Our epic, 7-hour train journey from Kandy to Bandarawela took us high into the mountains. I was now in tea. RIGHT IN THE MIDDLE OF IT.
As we pulled in, green mountains dominated the view, and a sign on the outskirts of town welcomed us to “The Cool Climes of Bandarawela” (I, for one, continued to sweat). We checked into the Orient Hotel, and I discovered my room overlooked a golden-domed mosque.
That night, we climbed up to the hotel’s rooftop patio, where I was privy to yet another cooking class.
We made chicken curry and pumpkin curry, the latter of which was thickened by a powder we made from toasted and ground rice.
The chefs cooked up more dishes and we feasted, drinking bottles of Lion Lager to cool down and perpetually waving mosquitos away.
The next morning, we set out to ascend Lipton’s Seat, the point from which Scottish tea baron Sir Thomas Lipton once surveyed his tea-dom (from a seated position, we can only assume).
On our way, as we drove along a serpentine mountain road, Seth all of a sudden shouted “STOP!” and we pulled over abruptly. He’d spotted a group of women picking tea, and we scrambled up the steep hillside to ask if we could film them.
They were game.
Here are a few fascinating things about tea pickers in Sri Lanka’s Hill country: they’re almost always women, they’re typically the primary breadwinners in their families, and most of them do not look young.
In fact, many are grandmothers who’ve been doing it for decades. They work 8-9 hours a day in the baking heat, then head home to cook dinner, clean house, and look after their children or grandchildren. In other words, they are super heroes, and friendly ones at that.
All the tea pickers we met were gracious with our requests to film and photograph, and one woman even made sure to give me an address to which I could send some photos. We also tipped them, which I would certainly recommend if you’re a tourist who’s planning (as we did) to interrupt their work day.
The women were dressed in coarse, sturdy clothes, and collected the leaves in sacks hanging from their heads and down their backs. I was told women have traditionally made up the tea-plucking work force because of their dedication to quality, rather than quantity. Their husbands typically maintain the family garden, growing food that’s harvested year-round.

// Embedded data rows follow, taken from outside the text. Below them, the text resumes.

(* (1) Assume $$\Big(\frac{\bar\kappa_4}{\bar\kappa_2^2}+\delta\Big)\int\frac{\mathbb E[Q(y\mid\mathsf Z)(\bar{\mathsf Z}^2-1)]^2}{\mathbb E[Q(y\mid\mathsf Z)]}\,dy>1 .$$ Then, taking $$\bar g(y)=\frac{\mathbb E[(\bar{\mathsf Z}^2-1)Q(y\mid\mathsf Z)]}{\mathbb E[Q(y\mid\mathsf Z)]}=\mathbb E[\bar{\mathsf Z}^2-1\mid\mathsf Y=y],$$ the corresponding preprocessing function achieves weak recovery in the sense that the criticality condition $\big(\frac{\bar\kappa_4}{\bar\kappa_2^2}+\delta\big)\mathbb E[\bar g(\mathsf Y)\bar{\mathsf Z}^2]^2>\mathbb E[\bar g(\mathsf Y)^2]$ holds. Furthermore, this $\bar g$ satisfies $\inf_{y\in\operatorname{supp}\mathsf Y}\bar g(y)>-\gamma$, $\mathbb E[\bar g(\mathsf Y)]=0$ and $\mathbb E[\bar g(\mathsf Y)\bar{\mathsf Z}^2]>0$ (with $\gamma=(\bar\kappa_4/\bar\kappa_2^2+\delta)\mathbb E[\bar g(\mathsf Y)\bar{\mathsf Z}^2]$), provided $\operatorname{Var}(\mathbb E[\bar{\mathsf Z}^2\mid\mathsf Y])=\mathbb E[\mathbb E[\bar{\mathsf Z}^2-1\mid\mathsf Y]^2]>0$. (2) Conversely, if some preprocessing function satisfying the preprocessing assumptions (see context) satisfies the criticality condition $\big(\frac{\bar\kappa_4}{\bar\kappa_2^2}+\delta\big)\mathbb E[\bar g(\mathsf Y)\bar{\mathsf Z}^2]^2>\mathbb E[\bar g(\mathsf Y)^2]$, then the displayed integral inequality in (1) holds.
   Context: Let $n/d\to\delta\in(0,\infty)$. Let $\mathsf L$ be a random variable compactly supported in $(0,\infty)$ with positive variance (the limiting singular value distribution of the design). $\mathsf L_n$ has the law of $\mathsf L$ if $\delta\le1$ and $\delta^{-1}\mathrm{law}(\mathsf L)+(1-\delta^{-1})\delta_0$ if $\delta>1$; $\bar m_{2k}=\mathbb E[\mathsf L_n^{2k}]$, $\bar\kappa_2=\bar m_2$, $\bar\kappa_4=\bar m_4-(1+\delta)\bar m_2^2$. Let $P_{\mathsf B}$ have mean $0$ and variance $\rho>0$, $\sigma^2=\bar\kappa_2\rho$, $\mathsf Z\sim\mathcal N(0,\sigma^2)$, $\bar{\mathsf Z}=\mathsf Z/\sigma$, and $\mathsf Y\sim Q(\cdot\mid\mathsf Z)$, where $Q(\cdot\mid z)$ is the conditional density of the response $y=q(z,\mathsf E)$ of the generalized linear model given the linear predictor $z$ (with noise $\mathsf E$ independent of $\mathsf Z$). Preprocessing assumptions: $\bar g:\mathbb R\to\mathbb R$ bounded above with $\mathbb E[\bar g(\mathsf Y)]=0$, $\mathbb E[\bar g(\mathsf Y)\bar{\mathsf Z}^2]>0$ and $\inf_{y\in\operatorname{supp}\mathsf Y}\bar g(y)>-\gamma$, where $\gamma=(\bar\kappa_4/\bar\kappa_2^2+\delta)\mathbb E[\bar g(\mathsf Y)\bar{\mathsf Z}^2]$; the preprocessing function is $\mathcal T(y)=\bar g(y)/(\bar g(y)+\gamma)$, and with $\mathsf T=\mathcal T(\mathsf Y)$ of law $\mu_{\mathsf T}$, $\lim_{x\searrow\sup\operatorname{supp}\mu_{\mathsf T}}\mathbb E[\mathsf T/(x-\mathsf T)]=\infty$. The spectral estimator is the top eigenvector of $X^\top\operatorname{diag}(\mathcal T(y))X$; the criticality condition is the condition for its asymptotic overlap with the signal to be positive. *)

theory Defs
  imports "HOL-Probability.Probability"
begin

text \<open>Moments of L_n, whose law is law(L) if delta \<le> 1 and
  (1/delta) law(L) + (1 - 1/delta) Dirac_0 if delta > 1.  Since the atom at 0
  contributes nothing to positive moments, E[L_n^(2k)] (k \<ge> 1) is the
  following (written out literally).\<close>
definition mbar :: "real \<Rightarrow> real measure \<Rightarrow> nat \<Rightarrow> real" where
  "mbar \<delta> L k = (if \<delta> \<le> 1 then 1 else 1 / \<delta>) * (\<integral>l. l ^ (2 * k) \<partial>L)"

definition kappa2 :: "real \<Rightarrow> real measure \<Rightarrow> real" where
  "kappa2 \<delta> L = mbar \<delta> L 1"

definition kappa4 :: "real \<Rightarrow> real measure \<Rightarrow> real" where
  "kappa4 \<delta> L = mbar \<delta> L 2 - (1 + \<delta>) * (mbar \<delta> L 1)^2"

definition cst :: "real \<Rightarrow> real measure \<Rightarrow> real" where
  "cst \<delta> L = kappa4 \<delta> L / (kappa2 \<delta> L)^2 + \<delta>"

definition sig :: "real \<Rightarrow> real measure \<Rightarrow> real \<Rightarrow> real" where
  "sig \<delta> L \<rho> = sqrt (kappa2 \<delta> L * \<rho>)"

text \<open>Q z y is the conditional density of Y at y given Z = z. Z = s * Zbar with
  Zbar standard Gaussian; expectations over Z are integrals against the standard
  normal density in the variable Zbar.\<close>

definition EQ :: "(real \<Rightarrow> real \<Rightarrow> real) \<Rightarrow> real \<Rightarrow> real \<Rightarrow> real" where
  "EQ Q s y = (\<integral>x. Q (s * x) y * std_normal_density x \<partial>lborel)"

definition EQZ :: "(real \<Rightarrow> real \<Rightarrow> real) \<Rightarrow> real \<Rightarrow> real \<Rightarrow> real" where
  "EQZ Q s y = (\<integral>x. (x^2 - 1) * Q (s * x) y * std_normal_density x \<partial>lborel)"

definition gopt :: "(real \<Rightarrow> real \<Rightarrow> real) \<Rightarrow> real \<Rightarrow> real \<Rightarrow> real" where
  "gopt Q s y = EQZ Q s y / EQ Q s y"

As we continued up, we came across another group of pickers who were on their morning break.
They poured me a cup of tea, and sliced into a sweet, fresh peach to offer as a snack.
This image of them, a colourful mass at the edge of a mountain, is one I often think of when I talk about the trip.
After my tea and peach snack, we continued on. Many switchbacks later, we finally reached Lipton’s Seat, a narrow ridge of land between two immense valleys.
As Sri Lanka’s tourism industry grows, perhaps this site will become built-up and commercialized.
For now, however, it’s as simple as can be: there’s An Unbelievable View, and a Very Modest Shop That Serves Really Good Food.
By modest, I mean a small hut with a dirt floor and the most basic of kitchens.
A piece of cardboard serves as the cutting board, and there’s a single gas burner with a pot of oil for frying, and a hotplate.
We sat outside on plastic lawn chairs, and were brought tea and trays of food.
There were platters of roti and patties, which are a Tamil food similar to samosas, all served with a intensely red chili sambal. Spicy snacks at the top of the world, with a breeze? Nothing better.